◆ ABOUT THIS TASK ◆
State the number of lines in the records beneath that hold the word "times", and add nothing.

*** EXTRACTED RECORDS Section Begins ***

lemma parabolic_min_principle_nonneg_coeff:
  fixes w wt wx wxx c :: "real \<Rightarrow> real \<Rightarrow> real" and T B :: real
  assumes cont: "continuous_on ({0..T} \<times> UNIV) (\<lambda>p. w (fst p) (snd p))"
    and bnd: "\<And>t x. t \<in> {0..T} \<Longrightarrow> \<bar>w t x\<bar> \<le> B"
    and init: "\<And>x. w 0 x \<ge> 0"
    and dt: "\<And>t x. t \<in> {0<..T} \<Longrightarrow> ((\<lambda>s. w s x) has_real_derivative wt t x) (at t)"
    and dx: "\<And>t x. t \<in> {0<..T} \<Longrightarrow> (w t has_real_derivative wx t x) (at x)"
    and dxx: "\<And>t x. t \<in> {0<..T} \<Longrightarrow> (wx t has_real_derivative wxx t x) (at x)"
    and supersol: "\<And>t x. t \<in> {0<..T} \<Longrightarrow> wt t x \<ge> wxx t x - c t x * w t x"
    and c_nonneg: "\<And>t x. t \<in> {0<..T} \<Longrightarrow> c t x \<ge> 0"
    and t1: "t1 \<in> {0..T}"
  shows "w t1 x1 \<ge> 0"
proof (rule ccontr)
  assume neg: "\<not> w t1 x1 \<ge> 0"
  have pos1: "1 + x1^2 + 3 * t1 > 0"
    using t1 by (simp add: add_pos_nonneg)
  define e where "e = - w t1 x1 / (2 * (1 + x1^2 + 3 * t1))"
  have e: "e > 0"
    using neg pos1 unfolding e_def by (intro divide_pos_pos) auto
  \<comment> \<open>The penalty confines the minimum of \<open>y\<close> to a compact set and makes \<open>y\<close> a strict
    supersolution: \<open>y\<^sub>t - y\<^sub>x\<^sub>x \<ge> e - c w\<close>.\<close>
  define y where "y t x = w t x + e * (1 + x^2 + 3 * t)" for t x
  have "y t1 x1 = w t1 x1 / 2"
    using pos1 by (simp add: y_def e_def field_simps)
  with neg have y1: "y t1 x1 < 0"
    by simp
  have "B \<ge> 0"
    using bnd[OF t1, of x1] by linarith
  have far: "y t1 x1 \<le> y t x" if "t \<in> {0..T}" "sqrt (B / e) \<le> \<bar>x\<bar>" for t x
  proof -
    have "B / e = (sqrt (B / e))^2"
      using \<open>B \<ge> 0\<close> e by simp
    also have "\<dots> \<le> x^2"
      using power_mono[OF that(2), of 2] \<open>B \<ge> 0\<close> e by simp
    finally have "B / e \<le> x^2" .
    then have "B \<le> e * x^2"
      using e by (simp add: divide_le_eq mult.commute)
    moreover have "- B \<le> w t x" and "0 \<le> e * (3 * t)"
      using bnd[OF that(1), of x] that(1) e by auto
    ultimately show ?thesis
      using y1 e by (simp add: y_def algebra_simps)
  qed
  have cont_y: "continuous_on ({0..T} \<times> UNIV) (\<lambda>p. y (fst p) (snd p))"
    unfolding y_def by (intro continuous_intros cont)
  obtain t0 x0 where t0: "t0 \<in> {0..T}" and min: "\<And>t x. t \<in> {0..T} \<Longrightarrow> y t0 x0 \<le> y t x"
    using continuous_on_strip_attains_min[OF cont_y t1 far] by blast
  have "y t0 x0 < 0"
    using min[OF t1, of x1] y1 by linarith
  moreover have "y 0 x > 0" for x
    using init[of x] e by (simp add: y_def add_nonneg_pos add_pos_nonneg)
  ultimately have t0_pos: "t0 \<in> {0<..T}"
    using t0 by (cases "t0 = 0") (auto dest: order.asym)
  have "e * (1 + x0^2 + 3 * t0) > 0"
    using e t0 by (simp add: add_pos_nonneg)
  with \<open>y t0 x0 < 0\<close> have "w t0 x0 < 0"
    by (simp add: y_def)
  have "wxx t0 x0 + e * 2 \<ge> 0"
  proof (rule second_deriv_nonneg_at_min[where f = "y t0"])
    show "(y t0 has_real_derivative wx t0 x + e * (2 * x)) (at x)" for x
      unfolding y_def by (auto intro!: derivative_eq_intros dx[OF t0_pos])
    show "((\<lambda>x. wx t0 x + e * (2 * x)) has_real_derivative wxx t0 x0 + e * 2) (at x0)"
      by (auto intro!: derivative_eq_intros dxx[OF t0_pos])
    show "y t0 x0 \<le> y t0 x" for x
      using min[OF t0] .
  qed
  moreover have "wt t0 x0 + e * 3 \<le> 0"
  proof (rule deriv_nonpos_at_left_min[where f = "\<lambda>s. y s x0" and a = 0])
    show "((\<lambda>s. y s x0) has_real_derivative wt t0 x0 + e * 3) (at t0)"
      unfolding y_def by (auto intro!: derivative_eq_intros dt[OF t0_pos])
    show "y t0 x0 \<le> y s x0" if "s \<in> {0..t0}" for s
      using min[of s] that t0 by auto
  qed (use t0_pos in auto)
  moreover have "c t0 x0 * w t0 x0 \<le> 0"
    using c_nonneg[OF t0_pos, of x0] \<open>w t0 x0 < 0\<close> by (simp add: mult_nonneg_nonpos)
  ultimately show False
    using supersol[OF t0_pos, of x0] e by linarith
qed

*** EXTRACTED RECORDS Section Ends ***
*** EXTRACTED RECORDS Section Begins ***

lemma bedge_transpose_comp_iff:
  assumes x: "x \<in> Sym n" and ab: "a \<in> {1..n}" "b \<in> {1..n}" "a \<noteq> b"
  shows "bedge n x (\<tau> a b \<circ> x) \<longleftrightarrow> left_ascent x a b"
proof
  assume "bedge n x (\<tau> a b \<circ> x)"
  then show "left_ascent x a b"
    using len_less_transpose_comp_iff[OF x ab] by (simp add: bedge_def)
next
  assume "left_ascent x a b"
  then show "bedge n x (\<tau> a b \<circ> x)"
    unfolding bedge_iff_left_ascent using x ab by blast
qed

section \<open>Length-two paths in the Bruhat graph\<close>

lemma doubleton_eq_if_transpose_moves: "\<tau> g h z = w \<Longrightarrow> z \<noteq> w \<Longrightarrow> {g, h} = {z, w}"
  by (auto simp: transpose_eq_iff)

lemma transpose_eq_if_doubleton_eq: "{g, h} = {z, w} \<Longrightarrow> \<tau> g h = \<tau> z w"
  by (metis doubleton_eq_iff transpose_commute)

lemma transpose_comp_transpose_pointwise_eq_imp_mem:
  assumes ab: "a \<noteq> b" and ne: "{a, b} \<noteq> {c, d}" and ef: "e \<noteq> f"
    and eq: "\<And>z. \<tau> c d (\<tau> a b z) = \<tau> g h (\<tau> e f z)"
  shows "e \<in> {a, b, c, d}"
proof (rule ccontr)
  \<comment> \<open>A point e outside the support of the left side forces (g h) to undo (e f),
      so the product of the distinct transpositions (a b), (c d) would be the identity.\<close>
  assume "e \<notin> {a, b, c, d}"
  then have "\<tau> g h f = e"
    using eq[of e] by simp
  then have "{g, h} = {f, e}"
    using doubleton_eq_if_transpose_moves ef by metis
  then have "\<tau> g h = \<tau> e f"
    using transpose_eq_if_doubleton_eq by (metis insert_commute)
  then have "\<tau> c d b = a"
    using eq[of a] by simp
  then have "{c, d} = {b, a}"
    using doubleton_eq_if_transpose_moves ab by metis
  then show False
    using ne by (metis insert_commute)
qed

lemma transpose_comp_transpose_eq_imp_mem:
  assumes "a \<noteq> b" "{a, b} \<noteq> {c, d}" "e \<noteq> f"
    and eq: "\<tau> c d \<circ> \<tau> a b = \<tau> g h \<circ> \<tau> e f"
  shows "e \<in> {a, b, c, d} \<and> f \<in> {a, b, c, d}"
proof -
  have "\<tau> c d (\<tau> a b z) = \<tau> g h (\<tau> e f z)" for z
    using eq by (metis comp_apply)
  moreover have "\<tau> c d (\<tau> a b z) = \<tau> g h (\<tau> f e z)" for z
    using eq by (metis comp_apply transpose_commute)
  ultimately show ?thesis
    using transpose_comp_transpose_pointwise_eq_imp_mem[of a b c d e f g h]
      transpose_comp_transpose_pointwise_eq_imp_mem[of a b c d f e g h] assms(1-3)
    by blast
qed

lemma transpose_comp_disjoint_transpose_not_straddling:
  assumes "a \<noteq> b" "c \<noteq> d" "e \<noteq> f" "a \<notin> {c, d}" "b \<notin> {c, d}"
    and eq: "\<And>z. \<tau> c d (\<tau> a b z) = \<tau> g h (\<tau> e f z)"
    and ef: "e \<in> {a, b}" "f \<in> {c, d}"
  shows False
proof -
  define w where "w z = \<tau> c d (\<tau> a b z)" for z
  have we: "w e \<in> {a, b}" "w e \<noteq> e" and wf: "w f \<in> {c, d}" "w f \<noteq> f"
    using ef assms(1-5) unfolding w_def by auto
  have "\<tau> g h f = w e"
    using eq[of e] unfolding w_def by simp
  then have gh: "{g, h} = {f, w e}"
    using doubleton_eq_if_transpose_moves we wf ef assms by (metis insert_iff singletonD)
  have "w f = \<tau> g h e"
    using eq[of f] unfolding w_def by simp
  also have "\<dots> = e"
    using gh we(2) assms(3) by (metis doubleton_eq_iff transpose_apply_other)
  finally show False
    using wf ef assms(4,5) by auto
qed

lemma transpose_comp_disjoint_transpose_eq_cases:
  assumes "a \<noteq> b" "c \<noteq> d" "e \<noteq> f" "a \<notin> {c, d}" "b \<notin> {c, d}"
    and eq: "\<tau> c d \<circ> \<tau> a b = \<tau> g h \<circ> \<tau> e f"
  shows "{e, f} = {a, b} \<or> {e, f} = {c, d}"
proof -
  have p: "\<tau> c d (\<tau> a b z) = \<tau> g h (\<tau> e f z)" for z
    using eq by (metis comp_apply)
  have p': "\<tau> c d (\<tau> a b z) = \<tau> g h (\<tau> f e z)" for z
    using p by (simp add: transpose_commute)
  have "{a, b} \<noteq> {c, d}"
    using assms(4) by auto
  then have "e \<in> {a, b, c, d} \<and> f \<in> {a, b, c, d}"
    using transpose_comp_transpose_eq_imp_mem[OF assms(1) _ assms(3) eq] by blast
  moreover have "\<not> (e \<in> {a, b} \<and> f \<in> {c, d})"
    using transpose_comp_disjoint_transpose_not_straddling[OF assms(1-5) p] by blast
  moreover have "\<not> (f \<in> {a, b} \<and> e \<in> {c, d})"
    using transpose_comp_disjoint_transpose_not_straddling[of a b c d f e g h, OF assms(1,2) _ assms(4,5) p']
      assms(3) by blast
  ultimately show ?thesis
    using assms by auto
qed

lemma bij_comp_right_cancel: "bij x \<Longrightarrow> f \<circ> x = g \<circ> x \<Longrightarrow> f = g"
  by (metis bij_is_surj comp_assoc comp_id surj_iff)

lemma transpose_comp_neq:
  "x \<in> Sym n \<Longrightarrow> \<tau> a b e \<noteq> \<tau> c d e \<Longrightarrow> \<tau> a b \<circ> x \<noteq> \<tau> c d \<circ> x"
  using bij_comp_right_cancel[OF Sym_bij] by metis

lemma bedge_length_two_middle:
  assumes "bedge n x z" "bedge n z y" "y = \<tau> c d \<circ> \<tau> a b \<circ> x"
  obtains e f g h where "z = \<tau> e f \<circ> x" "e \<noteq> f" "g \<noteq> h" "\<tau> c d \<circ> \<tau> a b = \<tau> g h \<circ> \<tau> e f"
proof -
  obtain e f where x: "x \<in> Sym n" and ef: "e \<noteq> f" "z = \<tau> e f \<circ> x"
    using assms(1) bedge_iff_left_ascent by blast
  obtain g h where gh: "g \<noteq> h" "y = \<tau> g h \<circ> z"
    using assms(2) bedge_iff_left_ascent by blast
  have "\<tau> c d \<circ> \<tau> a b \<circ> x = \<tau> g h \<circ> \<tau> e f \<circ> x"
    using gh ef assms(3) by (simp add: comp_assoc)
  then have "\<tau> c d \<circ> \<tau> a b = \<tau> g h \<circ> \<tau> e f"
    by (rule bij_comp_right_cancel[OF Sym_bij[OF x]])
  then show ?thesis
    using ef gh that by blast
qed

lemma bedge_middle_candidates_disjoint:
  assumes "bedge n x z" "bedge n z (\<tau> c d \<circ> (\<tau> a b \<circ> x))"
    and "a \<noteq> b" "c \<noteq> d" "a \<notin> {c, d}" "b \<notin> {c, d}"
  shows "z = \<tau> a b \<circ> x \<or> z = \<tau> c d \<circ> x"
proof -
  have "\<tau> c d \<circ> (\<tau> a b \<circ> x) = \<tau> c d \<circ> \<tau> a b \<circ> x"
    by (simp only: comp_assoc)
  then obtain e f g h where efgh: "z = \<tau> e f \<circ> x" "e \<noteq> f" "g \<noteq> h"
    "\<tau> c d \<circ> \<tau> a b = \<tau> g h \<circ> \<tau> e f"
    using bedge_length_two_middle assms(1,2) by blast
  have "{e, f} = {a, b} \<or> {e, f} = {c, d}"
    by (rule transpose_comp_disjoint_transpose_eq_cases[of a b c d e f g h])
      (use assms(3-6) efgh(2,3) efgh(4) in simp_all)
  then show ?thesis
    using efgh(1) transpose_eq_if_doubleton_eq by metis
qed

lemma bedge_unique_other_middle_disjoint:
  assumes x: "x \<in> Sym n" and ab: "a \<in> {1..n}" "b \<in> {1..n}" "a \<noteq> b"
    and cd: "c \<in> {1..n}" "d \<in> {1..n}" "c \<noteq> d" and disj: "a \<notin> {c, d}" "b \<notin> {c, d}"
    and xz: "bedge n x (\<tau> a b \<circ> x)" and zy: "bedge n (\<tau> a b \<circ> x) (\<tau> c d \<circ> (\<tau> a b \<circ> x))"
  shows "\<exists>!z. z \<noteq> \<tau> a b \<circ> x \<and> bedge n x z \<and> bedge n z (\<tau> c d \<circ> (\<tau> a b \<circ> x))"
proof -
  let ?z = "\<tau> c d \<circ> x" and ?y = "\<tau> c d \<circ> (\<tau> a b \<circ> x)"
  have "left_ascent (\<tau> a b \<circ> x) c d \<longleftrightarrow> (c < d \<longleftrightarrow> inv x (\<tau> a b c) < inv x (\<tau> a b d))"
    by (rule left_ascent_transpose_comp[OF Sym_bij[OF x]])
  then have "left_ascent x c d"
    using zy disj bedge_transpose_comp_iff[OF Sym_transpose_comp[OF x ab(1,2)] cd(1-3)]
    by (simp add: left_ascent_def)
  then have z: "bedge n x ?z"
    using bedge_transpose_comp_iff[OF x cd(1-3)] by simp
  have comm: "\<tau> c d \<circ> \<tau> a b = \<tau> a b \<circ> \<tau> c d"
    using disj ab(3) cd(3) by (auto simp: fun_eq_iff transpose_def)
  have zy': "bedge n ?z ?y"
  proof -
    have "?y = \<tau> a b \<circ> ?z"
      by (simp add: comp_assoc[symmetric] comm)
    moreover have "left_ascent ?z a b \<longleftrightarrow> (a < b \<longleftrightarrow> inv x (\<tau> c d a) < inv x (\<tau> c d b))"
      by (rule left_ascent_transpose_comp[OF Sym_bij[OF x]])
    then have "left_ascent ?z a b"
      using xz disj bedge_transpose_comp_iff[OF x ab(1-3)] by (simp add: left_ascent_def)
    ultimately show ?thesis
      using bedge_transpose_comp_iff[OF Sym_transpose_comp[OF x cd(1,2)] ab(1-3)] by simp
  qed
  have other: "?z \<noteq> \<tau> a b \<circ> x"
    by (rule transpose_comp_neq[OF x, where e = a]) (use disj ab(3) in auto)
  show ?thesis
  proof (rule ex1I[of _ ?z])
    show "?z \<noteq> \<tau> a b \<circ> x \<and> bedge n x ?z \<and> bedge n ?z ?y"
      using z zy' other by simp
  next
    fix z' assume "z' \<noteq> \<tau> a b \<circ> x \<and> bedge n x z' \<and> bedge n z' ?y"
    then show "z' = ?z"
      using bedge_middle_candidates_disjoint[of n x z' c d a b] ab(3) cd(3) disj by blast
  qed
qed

*** EXTRACTED RECORDS Section Ends ***

◆ RESULT OF THE EXERCISE ◆
2